On the Denver flight, and the commuter flight to Pueblo, there'd been no complications. American Airlines had rearranged their reservations, and informed the charter plane that would take them from Pueblo to Henrys Hat.

Henrys Hat. A strange name for a town, Lee told herself.

* * *

She stared. In all her thirty-six years, Lee Shoreff had never been west of the Mississippi. And while she'd seen mountains—the Adirondacks, Greens and Catskills—she'd never seen anything remotely like the chain of snow peaks some twenty miles ahead. They stretched as far north and south as she could see from the small plane, their upper slopes white with late-September snow.

"Ben!" she murmured. "They're beautiful! I wonder how high they are."

It was Lor Lu who answered, looking back from his seat beside the pilot. "In that range, the Sangre de Cristo, there are probably ten peaks higher than fourteen thousand feet. See those three over there?" He pointed southwestward. "The tallest is Blanca Peak, the highest in the range."

"Will we fly over them?"

"No, we're almost to Henrys Hat."

Scanning she asked, "Where?"

"See that creek ahead to our right? Where the trees are? That's Henrys Creek. Henrys Hat is the village, those buildings you can see up ahead, where the the road crosses the creek."

She stared. "That's—it?" She was surprised that so small a place would have a name. As they approached, she decided it might have a dozen houses, all of frame construction, all weatherbeaten. Plus what she recognized as garages, barns and sheds. And what had to be a store, with a low porch and fuel pumps in front, and a flagpole and flag at one corner. There was nothing resembling a school. A half mile past it was a small airfield, with two parked planes and a large metal machine shed. The only thing she found aesthetic about any of it was the cottonwoods along the creek, their leaves golden, with dark spires of spruce scattered among them.

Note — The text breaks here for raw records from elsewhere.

(* Let $\Gamma=([n],E)$ be a connected simple graph and $m$ a positive integer. Then the polytopes $$Q_{\Gamma,m}=\sum_{\substack{S\subseteq[n],\,|S|\le m+1\\ \Gamma|_S\text{ connected}}}\Delta_S\qquad\text{and}\qquad Q^L_{\Gamma,m}=\sum_{\substack{S\subseteq[n],\,|S|\le m+1\\ \Gamma|_S\cong L_{|S|}}}\Delta_S$$ are normally equivalent, i.e. their normal fans coincide.
   Context: $L_r$ is the path graph on $r$ vertices and $\Gamma|_S$ is the induced subgraph on $S$; the sums are Minkowski sums over nonempty subsets $S$. For nonempty $S\subseteq[n]$, $\Delta_S=\mathrm{conv}\{e_s:s\in S\}\subset\mathbb{R}^n$, where $e_s$ are the standard basis vectors. *)

theory Defs
  imports "HOL-Analysis.Analysis"
begin

definition simple_graph :: "('n \<Rightarrow> 'n \<Rightarrow> bool) \<Rightarrow> bool" where
  "simple_graph E \<longleftrightarrow> (\<forall>x y. E x y \<longrightarrow> E y x) \<and> (\<forall>x. \<not> E x x)"

definition induced_connected :: "('n \<Rightarrow> 'n \<Rightarrow> bool) \<Rightarrow> 'n set \<Rightarrow> bool" where
  "induced_connected E S \<longleftrightarrow> S \<noteq> {} \<and>
     (\<forall>x\<in>S. \<forall>y\<in>S. (x, y) \<in> {(u, v). u \<in> S \<and> v \<in> S \<and> E u v}\<^sup>*)"

definition graph_connected :: "('n \<Rightarrow> 'n \<Rightarrow> bool) \<Rightarrow> bool" where
  "graph_connected E \<longleftrightarrow> induced_connected E UNIV"

definition path_edge :: "nat \<Rightarrow> nat \<Rightarrow> bool" where
  "path_edge i j \<longleftrightarrow> i + 1 = j \<or> j + 1 = i"

definition induced_iso_path :: "('n \<Rightarrow> 'n \<Rightarrow> bool) \<Rightarrow> 'n set \<Rightarrow> bool" where
  "induced_iso_path E S \<longleftrightarrow> (\<exists>f. bij_betw f {0..<card S} S \<and>
     (\<forall>i<card S. \<forall>j<card S. E (f i) (f j) \<longleftrightarrow> path_edge i j))"

definition simplex_of :: "'n::finite set \<Rightarrow> (real ^ 'n) set" where
  "simplex_of S = convex hull ((\<lambda>s. axis s 1) ` S)"

definition minkowski_sum :: "'i set \<Rightarrow> ('i \<Rightarrow> 'a::comm_monoid_add set) \<Rightarrow> 'a set" where
  "minkowski_sum I P = {(\<Sum>i\<in>I. x i) | x. \<forall>i\<in>I. x i \<in> P i}"

definition normal_cone :: "'a::euclidean_space set \<Rightarrow> 'a set \<Rightarrow> 'a set" where
  "normal_cone P F = {w. \<forall>x\<in>F. \<forall>y\<in>P. inner w y \<le> inner w x}"

definition normal_fan :: "'a::euclidean_space set \<Rightarrow> 'a set set" where
  "normal_fan P = {normal_cone P F | F. F face_of P \<and> F \<noteq> {}}"

definition Q_conn :: "('n::finite \<Rightarrow> 'n \<Rightarrow> bool) \<Rightarrow> nat \<Rightarrow> (real ^ 'n) set" where
  "Q_conn E m = minkowski_sum {S. S \<noteq> {} \<and> card S \<le> m + 1 \<and> induced_connected E S} simplex_of"

definition Q_path :: "('n::finite \<Rightarrow> 'n \<Rightarrow> bool) \<Rightarrow> nat \<Rightarrow> (real ^ 'n) set" where
  "Q_path E m = minkowski_sum {S. S \<noteq> {} \<and> card S \<le> m + 1 \<and> induced_iso_path E S} simplex_of"

end

theory Submission
  imports Defs
begin

(* The normal fan of a polytope Q is determined by the relation "the face of Q maximizing w
   lies in the face of Q maximizing w'" between directions w, w'.  For a Minkowski sum this
   relation holds iff it holds for every summand, and the face of Delta_S maximizing w is
   Delta_A, where A is the set of maximizers of w on S.  So the two fans agree once we know:
   if on every induced path P the maximizers of w are maximizers of w', then the same holds
   on every connected S.  Given a maximizer s of w on S and any t in S, a shortest walk from
   s to t inside S spans an induced path P with s, t in P and |P| <= |S|; s maximizes w on P,
   hence w' on P, so w' t <= w' s. *)

definition support_face :: "'a::real_inner set \<Rightarrow> 'a \<Rightarrow> 'a set" where
  "support_face P w = {x \<in> P. \<forall>y\<in>P. w \<bullet> y \<le> w \<bullet> x}"

lemma support_face_subset: "support_face P w \<subseteq> P"
  by (auto simp: support_face_def)

lemma support_face_nonempty:
  fixes P :: "'a::real_inner set"
  assumes "compact P" and "P \<noteq> {}"
  shows "support_face P w \<noteq> {}"
  using continuous_attains_sup[OF assms, of "inner w"]
  by (auto simp: support_face_def continuous_on_inner continuous_on_id)

lemma normal_cone_support_face:
  "normal_cone P (support_face P w) = {w'. support_face P w \<subseteq> support_face P w'}"
  by (auto simp: normal_cone_def support_face_def)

The eight-place Beechcraft landed smoothly on the grass runway, and they disembarked. She, Ben, and the two girls stood by while Lor Lu settled things with the pilot, whose belt computer first scanned Lor Lu's plastic, then his thumb print. An ungainly looking vehicle had been waiting for them, its front half an eight-seat carryall, its rear a long pickup bed. Now it rolled to the plane, and a lanky man got out. He began to transfer their luggage, Ben helping him. Each piece, before loading, he put in a large plastic yardbag, which he then tied. When Lor Lu finished with the pilot, he joined them.

"Hello, Bar Stool," he said, "how's the Mescalero?"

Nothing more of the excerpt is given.